1792 - La Marseillaise - the song that would become France's national anthem - was composed by Claude Joseph Rouget de Lisle.

1829 - Charles Fremantle arrived in the HMS Challenger off the coast of modern-day Western Australia prior to declaring the Swan River Colony for the United Kingdom.

1846 - The Thornton Affair - an open skirmish over the disputed border of Texas - triggered the declaration of the Mexican-American War by US President James K. Polk.

1849
- Canada's Governor-General Lord Elgin signed the Rebellion Losses Bill, which outraged the English population of Montreal and triggered rioting in that city.

1915 - The Battle of Gallipoli began with the invasion of Turkey's Gallipoli Peninsula by Australian, British, French and New Zealand troops, who landed at Cape Helles and what is now known as Anzac Cove.

1916 - Anzac Day was commemorated for the first time, on the first anniversary of the landing of the Australian and New Zealand Army Corps (ANZAC) at what is now known as Anzac Cove near Gallipoli in Turkey - events dramatized in Peter Weir's 1981 film Gallipoli, starring a young Mel Gibson.

1938 - The US Supreme Court delivered its opinion in Erie Railroad Co. v. Tompkins and in doing so overturned a century of federal common law regarding diversity jurisdiction.

1944 - The United Negro College Fund was incorporated by Frederick D. Patterson (then president of Tuskegee University), Mary McLeod Bethune (then president of Bethune-Cookman University), and others.

1953 - Francis Crick and James D. Watson published their article Molecular structure of nucleic acids: a structure for deoxyribose nucleic acid in the magazine Nature, making them the first to describing the double helix structure of DNA.

1959 - The St. Lawrence Seaway - linking the Great Lakes to the Atlantic Ocean via the St. Lawrence River and a series of locks and canals - officially opened to shipping; its formal opening on June 26th, though, would attract such VIPs as Elizabeth II, Queen of Canada, and US President Dwight D. Eisenhower.

1974 - The so-called Carnation Revolution - a leftist military coup in Portugal - restored democracy after more than forty years as a corporate fascist state under the Estado Novo, most famously led by António de Oliveira Salazar. The revolution is notable in that the revolutionaries produced no casualties, although government forces did kill four people.
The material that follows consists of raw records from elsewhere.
lemma rising_poly_split: assumes "1 \<le> n" shows "rising_poly n = odd_poly n * even_poly n"
proof -
  have "(2::nat) ^ n = 2 * 2 ^ (n - 1)" using power_pred[of n "2::nat"] assms by simp
  then have "rising_poly n = (\<Prod>i<2 ^ (n - 1). [:int (2 * i + 1), 1:] * [:int (2 * i + 1+1), 1:])"
    unfolding rising_poly_def by (simp only: prod_lessThan_double)
  also have "\<dots> = (\<Prod>i<2 ^ (n - 1). [:2 * int i + 1, 1:] * [:2 * int (i + 1), 1:])"
    by (rule prod.cong) simp_all
  also have "\<dots> = odd_poly n * even_poly n" unfolding odd_poly_def even_poly_def by (rule prod.distrib)
  finally show ?thesis .
qed

lemma even_poly_coeff: "coeff (even_poly n) b = 2^(2 ^ (n - 1) - b) * coeff (rising_poly (n-1)) b"
  unfolding even_poly_def rising_poly_def by (rule coeff_prod_monic_linear_scale)

lemma coeff_rising_poly_top: "k > 2 ^ n \<Longrightarrow> coeff (rising_poly n) k = 0"
  using coeff_prod_monic_linear_top[where m="2 ^ n" and c="\<lambda>i. int (i + 1)"] unfolding rising_poly_def by auto

definition rising_val :: "nat \<Rightarrow> nat \<Rightarrow> int" where
  "rising_val n k = 2 ^ n - int n * int k + kappa k"

lemma odd_poly_coeff_val:
  assumes n: "2 \<le> n" and aM: "a \<le> 2 ^ (n - 1)"
  shows "val2_ge (coeff (odd_poly n) a) (odd_poly_val n a)"
    and "a = 0 \<or> (even a \<and> 2 \<le> a) \<Longrightarrow> val2_eq (coeff (odd_poly n) a) (odd_poly_val n a)"
proof -
  have exact: "val2_eq (coeff (odd_poly n) a) (odd_poly_val n a)" if "a = 0 \<or> (even a \<and> 2 \<le> a)"
    using that odd_poly_coeff_0_odd[of n] val2_eq_odd odd_poly_coeff_even[OF n _ _ aM]
    unfolding odd_poly_val_def by auto
  then show "a = 0 \<or> (even a \<and> 2 \<le> a) \<Longrightarrow> val2_eq (coeff (odd_poly n) a) (odd_poly_val n a)" .
  show "val2_ge (coeff (odd_poly n) a) (odd_poly_val n a)"
  proof (cases "odd a")
    case True
    then show ?thesis using odd_poly_coeff_odd[OF n True] unfolding odd_poly_val_def by auto
  next
    case False
    then have "a = 0 \<or> (even a \<and> 2 \<le> a)" by (cases "a = 1") auto
    then show ?thesis using exact val2_eq_imp_ge by blast
  qed
qed

lemma rising_val_split:
  assumes n1: "1 \<le> n" and bM: "b \<le> 2 ^ (n - 1)" and bk: "b \<le> k"
  shows "odd_poly_val n (k - b) + (int (2 ^ (n - 1) - b) + rising_val (n - 1) b)
         = rising_val n k + (int n * int (k - b) + odd_poly_val n (k - b) - (kappa k - kappa b))"
proof -
  have "(2::int) ^ n = 2 * 2 ^ (n - 1)" using power_pred[of n "2::int"] n1 by simp
  then show ?thesis using bM bk n1 unfolding rising_val_def by (simp add: of_nat_diff algebra_simps)
qed

lemma three_le_power_two_add: "2 \<le> P \<Longrightarrow> 3 * P \<le> (2::nat) ^ P + 2"
proof (induction P rule: nat_induct_at_least)
  case (Suc P)
  then show ?case by simp
qed simp

lemma rising_val_diff_le:
  assumes "1 \<le> k" "k \<le> 2 ^ n"
  shows "rising_val n k - rising_val n 0 \<le> - int n"
proof -
  define P where "P = ceillog2 k"
  have Pn: "P \<le> n" using ceillog2_le assms P_def by simp
  have "(int n - int P) * 1 \<le> (int n - int P) * int k" using Pn assms by (intro mult_left_mono) auto
  moreover have kap: "kappa k = int k * int P - 2 ^ P + kappa_corr k" "kappa 0 = -1"
    unfolding kappa_def P_def using assms by simp_all
  moreover have "kappa k + 1 - int k * int P \<le> - int P"
  proof (cases "2 \<le> P")
    case True
    have "int (3 * P) \<le> int (2 ^ P + 2)" using three_le_power_two_add True by (simp only: of_nat_le_iff)
    then show ?thesis using kap kappa_corr_bounds(2)[of k] True P_def by simp
  next
    case False
    have "(2::nat) ^ P \<le> 2 ^ 1" using False by (intro power_increasing) auto
    moreover have "k \<le> 2 ^ P" using le_two_power_ceillog2 P_def by simp
    ultimately have "k = 1 \<or> k = 2" using assms by auto
    then show ?thesis using kappa_small_values P_def by auto
  qed
  ultimately show ?thesis unfolding rising_val_def by (simp add: algebra_simps)
qed

lemma rising_poly_summand_val:
  assumes n: "2 \<le> n" and a: "a \<le> k" "a \<le> 2 ^ (n - 1)" "k - a \<le> 2 ^ (n - 1)"
    and IH: "val2_eq (coeff (rising_poly (n - 1)) (k - a)) (rising_val (n - 1) (k - a))"
  defines "g \<equiv> coeff (odd_poly n) a * (2 ^ (2 ^ (n - 1) - (k - a)) * coeff (rising_poly (n - 1)) (k - a))"
    and "e \<equiv> rising_val n k + (int n * int a + odd_poly_val n a - (kappa k - kappa (k - a)))"
  shows "val2_ge g e" and "a = 0 \<or> (even a \<and> 2 \<le> a) \<Longrightarrow> val2_eq g e"
proof -
  define f where "f = 2 ^ (2 ^ (n - 1) - (k - a)) * coeff (rising_poly (n - 1)) (k - a)"
  have "val2_eq f (int (2 ^ (n - 1) - (k - a)) + rising_val (n - 1) (k - a))"
    unfolding f_def by (rule val2_eq_power2_mult[OF IH])
  moreover have "int (2 ^ (n - 1) - (k - a)) + rising_val (n - 1) (k - a) = e - odd_poly_val n a"
    using rising_val_split[of n "k - a" k] n a unfolding e_def by simp
  ultimately have f: "val2_eq f (e - odd_poly_val n a)" by simp
  have "val2_ge (coeff (odd_poly n) a * f) (odd_poly_val n a + (e - odd_poly_val n a))"
    by (rule val2_ge_mult[OF odd_poly_coeff_val(1)[OF n a(2)] val2_eq_imp_ge[OF f]])
      (use odd_poly_val_nonneg[of a n] val2_eq_nonneg[OF f] a n in auto)
  then show "val2_ge g e" unfolding g_def f_def by simp
  show "val2_eq g e" if "a = 0 \<or> (even a \<and> 2 \<le> a)"
    using val2_eq_mult[OF odd_poly_coeff_val(2)[OF n a(2) that] f] unfolding g_def f_def by simp
qed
1982 - Having landed a contingent of Royal Marines on South Georgia as part of Operation Paraquet the Royal Navy's destroyer Antrim intercepted and disabled the Argentinian submarine Santa Fe, with the able assistance of her Westland Wessex HAS.Mk3 helicopter; the helicopter's crew had already demonstrated distinction in rescuing 16 SAS commandos from the Fortuna Glacier on April 21st.  Today this very craft resides in the Fleet Air Arm Museum at Yeovilton in Somerset.  VISIT

1986 - Mswati III was crowned King of Swaziland, succeeding his father Sobhuza II.
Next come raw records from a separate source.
lemma fpow_path:
  assumes "i \<le> n" and "\<And>k. k \<le> m \<Longrightarrow> g k \<in> crystalB n l"
    and "\<And>k. k < m \<Longrightarrow> fraw n i (g k) = g (Suc k)"
  shows "fpow n l i m (g 0) = Some (g m)"
  using assms by (induction m) (auto simp: ftil_def)

lemma fpow_0_from_zeroB:
  assumes "0 < n" "k \<le> l"
  shows "fpow n l 0 k (zeroB n) = Some ((replicate n 0)[0 := int k], 0, replicate n 0)"
proof -
  let ?g = "\<lambda>j. ((replicate n 0)[0 := int j], 0, replicate n (0::int))"
  have "fpow n l 0 k (?g 0) = Some (?g k)"
    by (rule fpow_path) (use assms in \<open>auto simp: crystalB_iff fraw_def nth_list_update
        sum_list_update_group sum_list_replicate algebra_simps\<close>)
  then show ?thesis by (simp add: zeroB_def)
qed

lemma fpow_0_to_zeroB:
  assumes "0 < n"
  shows "fpow n l 0 l (replicate n 0, 0, (replicate n 0)[0 := int l]) = Some (zeroB n)"
proof -
  let ?g = "\<lambda>j. (replicate n (0::int), 0, (replicate n 0)[0 := int l - int j])"
  have "fpow n l 0 l (?g 0) = Some (?g l)"
    by (rule fpow_path) (use assms in \<open>auto simp: crystalB_iff fraw_def nth_list_update
        sum_list_update_group sum_list_replicate algebra_simps\<close>)
  then show ?thesis by (simp add: zeroB_def)
qed

lemma fpow_mid_x:
  assumes "(xs, x0, xbs) \<in> crystalB n l" "0 < i" "i < n"
    and "xbs ! i \<le> xs ! i" "int m \<le> xs ! (i - 1)"
  shows "fpow n l i m (xs, x0, xbs) =
    Some (xs[i - 1 := xs ! (i - 1) - int m, i := xs ! i + int m], x0, xbs)"
proof -
  let ?g = "\<lambda>j. (xs[i - 1 := xs ! (i - 1) - int j, i := xs ! i + int j], x0, xbs)"
  have "fpow n l i m (?g 0) = Some (?g m)"
    by (rule fpow_path) (use assms in \<open>auto simp: crystalB_iff fraw_def nth_list_update
        sum_list_update_group list_update_swap algebra_simps\<close>)
  then show ?thesis by simp
qed

lemma fpow_mid_xbar:
  assumes "(xs, x0, xbs) \<in> crystalB n l" "0 < i" "i < n" "xs ! i + int m \<le> xbs ! i"
  shows "fpow n l i m (xs, x0, xbs) =
    Some (xs, x0, xbs[i := xbs ! i - int m, i - 1 := xbs ! (i - 1) + int m])"
proof -
  let ?g = "\<lambda>j. (xs, x0, xbs[i := xbs ! i - int j, i - 1 := xbs ! (i - 1) + int j])"
  have "fpow n l i m (?g 0) = Some (?g m)"
    by (rule fpow_path) (use assms in \<open>auto simp: crystalB_iff fraw_def nth_list_update
        sum_list_update_group list_update_swap algebra_simps\<close>)
  then show ?thesis by simp
qed

text \<open>Each unit of x_n passes through x_0 on its way to xbar_n, so f_n is iterated in pairs,
  possibly followed by one half step.\<close>

lemma fpow_n:
  assumes "(xs, 0, xbs) \<in> crystalB n l" "0 < n" "r \<le> 1" "int (k + r) \<le> xs ! (n - 1)"
  shows "fpow n l n (2 * k + r) (xs, 0, xbs) =
    Some (xs[n - 1 := xs ! (n - 1) - int (k + r)], int r, xbs[n - 1 := xbs ! (n - 1) + int k])"
proof -
  define m where "m = 2 * k + r"
  have m: "Suc m div 2 = k + r" "m mod 2 = r" "m div 2 = k"
    using assms(3) unfolding m_def by presburger+
  let ?g = "\<lambda>j. (xs[n - 1 := xs ! (n - 1) - int (Suc j div 2)], int (j mod 2),
    xbs[n - 1 := xbs ! (n - 1) + int (j div 2)])"
  have len: "n - 1 < length xs" "n - 1 < length xbs"
    using assms by (auto simp: crystalB_iff)
  have "fpow n l n m (?g 0) = Some (?g m)"
  proof (rule fpow_path)
    fix j assume "j \<le> m"
    then have "Suc j div 2 \<le> k + r"
      using div_le_mono m(1) by (metis Suc_le_mono)
    moreover have "j mod 2 + j div 2 = Suc j div 2"
      by presburger
    ultimately show "?g j \<in> crystalB n l"
      using assms by (auto simp: crystalB_iff nth_list_update sum_list_update_group)
  next
    fix j
    show "fraw n n (?g j) = ?g (Suc j)"
      using len assms(2) by (cases "even j") (auto simp: fraw_def mod_Suc algebra_simps)
  qed simp
  then have "fpow n l n m (xs, 0, xbs) = Some (?g m)"
    by simp
  also have "?g m =
      (xs[n - 1 := xs ! (n - 1) - int (k + r)], int r, xbs[n - 1 := xbs ! (n - 1) + int k])"
    by (simp only: m)
  finally show ?thesis
    by (simp only: m_def)
qed

section \<open>Tops of strings\<close>

text \<open>The paper's e_i^max b, the top of the i-string through b, for 0 < i < n and for i = n.\<close>

definition emax_mid :: "nat \<Rightarrow> crys \<Rightarrow> crys" where
  "emax_mid i b = (case b of (xs, x0, xbs) \<Rightarrow>
     let q = posp (xs ! i - xbs ! i) in
     (xs[i - 1 := xs ! (i - 1) + q, i := xs ! i - q], x0,
      xbs[i := xbs ! i + xbs ! (i - 1), i - 1 := 0]))"

definition emax_n :: "nat \<Rightarrow> crys \<Rightarrow> crys" where
  "emax_n n b = (case b of (xs, x0, xbs) \<Rightarrow>
     (xs[n - 1 := xs ! (n - 1) + x0 + xbs ! (n - 1)], 0, xbs[n - 1 := 0]))"

lemma emax_mid_in_crystalB:
  assumes "b \<in> crystalB n l" "0 < i" "i < n"
  shows "emax_mid i b \<in> crystalB n l"
proof -
  obtain xs x0 xbs where b_eq: "b = (xs, x0, xbs)" by (cases b)
  define q where "q = posp (xs ! i - xbs ! i)"
  have mem: "length xs = n" "length xbs = n" "x0 \<in> {0, 1}"
      "\<forall>k<n. 0 \<le> xs ! k" "\<forall>k<n. 0 \<le> xbs ! k" "x0 + sum_list xs + sum_list xbs \<le> int l"
    using assms(1) by (simp_all add: b_eq crystalB_iff)
  have "0 \<le> q" "q \<le> xs ! i"
    using mem assms(3) by (auto simp: q_def posp_def)
  moreover have "emax_mid i b =
      (xs[i - 1 := xs ! (i - 1) + q, i := xs ! i - q], x0,
       xbs[i := xbs ! i + xbs ! (i - 1), i - 1 := 0])"
    by (simp add: emax_mid_def b_eq q_def Let_def)
  moreover have "\<forall>k<n. 0 \<le> (xs[i - 1 := xs ! (i - 1) + q, i := xs ! i - q]) ! k"
    using mem assms(3) \<open>0 \<le> q\<close> \<open>q \<le> xs ! i\<close> by (auto simp: nth_list_update)
  moreover have "\<forall>k<n. 0 \<le> (xbs[i := xbs ! i + xbs ! (i - 1), i - 1 := 0]) ! k"
    using mem assms(2,3) by (auto simp: nth_list_update)
  moreover have "sum_list (xs[i - 1 := xs ! (i - 1) + q, i := xs ! i - q]) = sum_list xs"
    using mem assms(2,3) by (simp add: nth_list_update sum_list_update_group)
  moreover have "sum_list (xbs[i := xbs ! i + xbs ! (i - 1), i - 1 := 0]) = sum_list xbs"
    using mem assms(2,3) by (simp add: nth_list_update sum_list_update_group)
  ultimately show ?thesis
    using mem by (simp add: crystalB_iff)
qed

text \<open>From the top, f_i first refills xbar_i from xbar_(i+1), and only then moves the surplus
  (x_(i+1) - xbar_(i+1))_+ back from x_i to x_(i+1).\<close>

lemma fpow_eps_emax_mid:
  assumes b: "b \<in> crystalB n l" and i: "0 < i" "i < n"
  shows "fpow n l i (nat (eps n l i b)) (emax_mid i b) = Some b"
proof -
  obtain xs x0 xbs where b_eq: "b = (xs, x0, xbs)" by (cases b)
  define t where "t = xbs ! (i - 1)"
  define q where "q = posp (xs ! i - xbs ! i)"
  define xs1 where "xs1 = xs[i - 1 := xs ! (i - 1) + q, i := xs ! i - q]"
  have len: "length xs = n" "length xbs = n"
    and nonneg: "0 \<le> t" "0 \<le> q" "0 \<le> xs ! (i - 1)"
    using b i by (auto simp: b_eq crystalB_iff t_def q_def posp_def)
  have top: "emax_mid i b = (xs1, x0, xbs[i := xbs ! i + t, i - 1 := 0])"
    by (simp add: emax_mid_def Let_def b_eq xs1_def t_def q_def)
  have eps: "nat (eps n l i b) = nat t + nat q"
    using i nonneg by (simp add: eps_def b_eq xc_def xbc_def t_def q_def)
  have refill: "fpow n l i (nat t) (emax_mid i b) = Some (xs1, x0, xbs)"
  proof -
    have "fpow n l i (nat t) (emax_mid i b) =
        Some (xs1, x0, (xbs[i := xbs ! i + t, i - 1 := 0])[i := xbs ! i + t - t, i - 1 := 0 + t])"
      unfolding top using emax_mid_in_crystalB[OF b i] i len nonneg
      by (subst fpow_mid_xbar) (auto simp: top xs1_def q_def posp_def nth_list_update)
    also have "\<dots> = Some (xs1, x0, xbs)"
      using i len by (simp add: t_def list_update_swap)
    finally show ?thesis .
  qed
  have surplus: "fpow n l i (nat q) (xs1, x0, xbs) = Some b"
  proof (cases "q = 0")
    case True
    then show ?thesis by (simp add: xs1_def b_eq)
  next
    case False
    have "(xs1, x0, xbs) \<in> crystalB n l"
      using fpow_in_crystalB[OF refill emax_mid_in_crystalB[OF b i]] .
    then have "fpow n l i (nat q) (xs1, x0, xbs) =
        Some (xs1[i - 1 := xs1 ! (i - 1) - q, i := xs1 ! i + q], x0, xbs)"
      using False i len nonneg
      by (subst fpow_mid_x) (auto simp: xs1_def q_def posp_def nth_list_update)
    also have "\<dots> = Some b"
      using i len by (simp add: xs1_def b_eq nth_list_update list_update_swap)
    finally show ?thesis .
  qed
  show ?thesis
    using refill surplus by (simp add: eps fpow_add)
qed

lemma emax_n_in_crystalB:
  assumes "b \<in> crystalB n l" "0 < n"
  shows "emax_n n b \<in> crystalB n l"
proof -
  obtain xs x0 xbs where b_eq: "b = (xs, x0, xbs)" by (cases b)
  define t where "t = xbs ! (n - 1)"
  have mem: "length xs = n" "length xbs = n" "x0 \<in> {0, 1}"
      "\<forall>k<n. 0 \<le> xs ! k" "\<forall>k<n. 0 \<le> xbs ! k" "x0 + sum_list xs + sum_list xbs \<le> int l"
    using assms(1) by (simp_all add: b_eq crystalB_iff)
  have "sum_list (xs[n - 1 := xs ! (n - 1) + x0 + t]) = sum_list xs + x0 + t"
       "sum_list (xbs[n - 1 := 0]) = sum_list xbs - t"
    using assms(2) mem by (simp_all add: sum_list_update_group t_def)
  moreover have "\<forall>k<n. 0 \<le> (xs[n - 1 := xs ! (n - 1) + x0 + t]) ! k"
      "\<forall>k<n. 0 \<le> (xbs[n - 1 := 0]) ! k"
    using mem assms(2) by (auto simp: nth_list_update t_def)
  moreover have "emax_n n b = (xs[n - 1 := xs ! (n - 1) + x0 + t], 0, xbs[n - 1 := 0])"
    by (simp add: emax_n_def b_eq t_def)
  ultimately show ?thesis
    using mem by (simp add: crystalB_iff)
qed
1988 - A court in Israel sentenced John Demjanuk to die for his having committed war crimes while serving as an SS guard at Treblinka during World War II.

2005 - The final piece of the Obelisk of Axum was returned to Ethiopia after being stolen by the invading Italian army in 1937.

2007 - Boris Yeltsin's funeral was the first to be sanctioned by the Russian Orthodox Church for a Russian head of state since the funeral of Tsar Alexander III in 1894.